• _WHAT YOU HAVE TO DO_: Report how many lines in the records below hold "Rightarrow", with no other output.

• _DATA PROVIDED_:

(* Let $U\subset\mathbb{C}$ be simply connected and let $F,G$ be holomorphic on $U$ with $F$ nowhere zero. Put $\phi=(F,\mathrm{i}F,-FG)$, and for $\theta\in\mathbb{R}$ let $$\mathbf{x}_\theta(z)=\cos\theta\,\mathrm{Re}\int_{z_0}^z\phi\,\mathrm{d}w+\sin\theta\,\mathrm{Im}\int_{z_0}^z\phi\,\mathrm{d}w=\mathrm{Re}\int_{z_0}^z\mathrm{e}^{-\mathrm{i}\theta}\phi\,\mathrm{d}w.$$ Then: (i) All $\mathbf{x}_\theta$ have the same first fundamental form $|F|^2|\mathrm{d}z|^2$. (ii) At a point $z$, the direction $\mathbf{v}=v_1\partial_u+v_2\partial_v$ is asymptotic for $\mathbf{x}_\theta$ if and only if $\mathrm{e}^{-\mathrm{i}\theta}F(z)G'(z)(v_1+\mathrm{i}v_2)^2\in\mathrm{i}\mathbb{R}$. (iii) At a point $z$ where $F(z)G'(z)\neq0$, the direction $\mathbf{v}$ is a principal direction of $\mathbf{x}_\theta$ if and only if $\mathrm{e}^{-\mathrm{i}\theta}F(z)G'(z)(v_1+\mathrm{i}v_2)^2\in\mathbb{R}$. (iv) Consequently, at such points, asymptotic directions of $\mathbf{x}_\theta$ are principal directions of the conjugate surface $\mathbf{x}_{\theta+\pi/2}$, and principal directions of $\mathbf{x}_\theta$ are asymptotic directions of $\mathbf{x}_{\theta+\pi/2}$.
   Context: $\mathbb{I}^3$ is $\mathbb{R}^3$ with the degenerate metric $\langle a,b\rangle=a^1b^1+a^2b^2$, and $z=u+\mathrm{i}v$. The first fundamental form has coefficients $g_{ij}=\langle\mathbf{x}_i,\mathbf{x}_j\rangle$. The minimal normal $\mathbf{N}_m$ is the unique vector $(a,b,1)$ that is Euclidean-orthogonal to $\mathbf{x}_u,\mathbf{x}_v$, and the second fundamental form has coefficients $h_{ij}=\mathbf{x}_{ij}\cdot\mathbf{N}_m$. A direction $\mathbf{v}$ is asymptotic if $\mathrm{II}(\mathbf{v},\mathbf{v})=0$. It is principal if it is an eigenvector of the shape operator $g^{-1}h$, i.e. a critical direction of $\mathrm{II}(\mathbf{v},\mathbf{v})/\mathrm{I}(\mathbf{v},\mathbf{v})$. The surface $\mathbf{x}_{\theta+\pi/2}$ is called the conjugate of $\mathbf{x}_\theta$. *)

theory Defs
  imports "HOL-Analysis.Analysis"
begin

text \<open>Surfaces in isotropic 3-space are maps X :: complex => real^3, parametrised by z = u + i v.\<close>

definition iso_ip :: "real^3 \<Rightarrow> real^3 \<Rightarrow> real" where
  "iso_ip a b = a$1 * b$1 + a$2 * b$2"

definition pu :: "(complex \<Rightarrow> real^3) \<Rightarrow> complex \<Rightarrow> real^3" where
  "pu X z = vector_derivative (\<lambda>t::real. X (z + of_real t)) (at 0)"

definition pv :: "(complex \<Rightarrow> real^3) \<Rightarrow> complex \<Rightarrow> real^3" where
  "pv X z = vector_derivative (\<lambda>t::real. X (z + \<i> * of_real t)) (at 0)"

• _ANSWER_: 3